誰かが終わらせなくてはならない。宇宙に罪が満ちる前に、大いなる意志の代行者が必要だと、この宇宙は求めているのだ。幻覚や、幻聴であったならどれほど楽であっただろう。しかしその声は、変わらず訴えかけてくる。
広がる動乱。消えていく生命。己が為すことを為さなくては宇宙が消え去る。
自身にできるのかと不安だった。父のように、一族のように。正しき安息を迎えられるよう裁きを与える事ができるのかと。しかしそれをやらなくては、宇宙に罪が満ちてしまう。
そして自身にはやるべき事がある。裁きとは、許しとは無縁に何かを奪う者を討ち果たす。この宇宙を乱すものを止めるという自身の使命が。
勇気を以て、一族の使命と己の悲願を果たすために昏き宇宙へと一人飛び立つ事を決心する。寄る辺もない、大海をその身一つで泳ぎきるような蛮行。
それでも、これ以上の悲しみを見過ごせないと。一族の死を無駄にはできないと、自身を鼓舞し宇宙へと漕ぎ出し続ける。

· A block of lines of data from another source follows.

(* Let $A$ be an associative unital algebra over a commutative ring $k$ and $B$ a subalgebra with $L(A)\subseteq B\subseteq\mathrm{End}_k(A)$ such that $A^B\subseteq Z(A)$ (the centre of $A$). Then $A$ is a critically compressible left $B$-module if and only if $A^B$ is an integral domain and large in $A$.
   Context: $L(A)=\{L_a:a\in A\}$, $L_a(x)=ax$; $A$ is a left $B$-module via $\varphi\cdot a=\varphi(a)$. $A^B=\{a\in A: b\cdot a=(b\cdot1)a\ \forall b\in B\}\cong\mathrm{End}_B(A)$. $A^B$ is large in $A$ if $A^B\cap I\neq 0$ for every nonzero $B$-stable left ideal $I$ of $A$. A nonzero module is critically compressible if it embeds into each of its nonzero submodules and into none of its factor modules $M/N$ with $N\neq0$. *)

theory Defs
  imports Main "HOL.Modules"
begin

text \<open>A is modelled by a type 'a of class ring_1 (associative unital ring);
 the commutative base ring k is a type 'k of class comm_ring_1, acting on 'a via
 a scalar multiplication s making 'a a k-algebra.\<close>

definition k_algebra :: "('k::comm_ring_1 \<Rightarrow> 'a::ring_1 \<Rightarrow> 'a) \<Rightarrow> bool" where
  "k_algebra s \<longleftrightarrow> module s \<and>
     (\<forall>c x y. s c (x * y) = s c x * y \<and> s c (x * y) = x * s c y)"

definition End_k :: "('k::comm_ring_1 \<Rightarrow> 'a::ring_1 \<Rightarrow> 'a) \<Rightarrow> ('a \<Rightarrow> 'a) set" where
  "End_k s = {f. module_hom s s f}"

definition subalgebra_End :: "('k::comm_ring_1 \<Rightarrow> 'a::ring_1 \<Rightarrow> 'a) \<Rightarrow> ('a \<Rightarrow> 'a) set \<Rightarrow> bool" where
  "subalgebra_End s B \<longleftrightarrow> B \<subseteq> End_k s \<and> id \<in> B \<and> (\<lambda>x. 0) \<in> B \<and>
     (\<forall>f\<in>B. \<forall>g\<in>B. (\<lambda>x. f x + g x) \<in> B \<and> f \<circ> g \<in> B) \<and>
     (\<forall>f\<in>B. (\<lambda>x. - f x) \<in> B) \<and>
     (\<forall>c. \<forall>f\<in>B. (\<lambda>x. s c (f x)) \<in> B)"

definition Lmaps :: "('a::ring_1 \<Rightarrow> 'a) set" where
  "Lmaps = range (\<lambda>a x. a * x)"

definition invariants :: "('a::ring_1 \<Rightarrow> 'a) set \<Rightarrow> 'a set" where
  "invariants B = {a. \<forall>\<phi>\<in>B. \<phi> a = \<phi> 1 * a}"

definition centre :: "'a::ring_1 set" where
  "centre = {z. \<forall>x. z * x = x * z}"

definition is_integral_domain :: "'a::ring_1 set \<Rightarrow> bool" where
  "is_integral_domain S \<longleftrightarrow>
     0 \<in> S \<and> 1 \<in> S \<and> (\<forall>a\<in>S. \<forall>b\<in>S. a + b \<in> S \<and> a * b \<in> S) \<and> (\<forall>a\<in>S. - a \<in> S) \<and>
     (1::'a) \<noteq> 0 \<and> (\<forall>a\<in>S. \<forall>b\<in>S. a * b = b * a) \<and>
     (\<forall>a\<in>S. \<forall>b\<in>S. a * b = 0 \<longrightarrow> a = 0 \<or> b = 0)"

あらゆる生命に安寧と赦しを与える…アンゴル族、最後の生き残りとして。私は…
『アンゴル・モア』は、この宇宙に生きる事を決めたのだ──。
ピア「…アンゴル・モア…思い出した。全部…思い出した」
ニャル【…この宇宙における免疫機構にして、星の断末魔や生命の罪業に応え現れ、裁きと慈悲を与える一族。宇宙の守護者にして、宇宙の意志の代行者。その最後の生き残り】
ピア「…アンゴル族。精神生命体…ヴェルバーに収穫され滅びた一族の、最後の生き残り。そして、その仮想人格…」
ニャル【それが、君だ。ピア。そしてもう一人の人格にして、その肉体の人格。その名がアンゴル・モア。私が出会った、君とは違うもう一人の君なんだ】
その事実を、動揺するわけでも狂乱するわけでもなく。ピアはただ静かに、父の告発を受け入れていた──。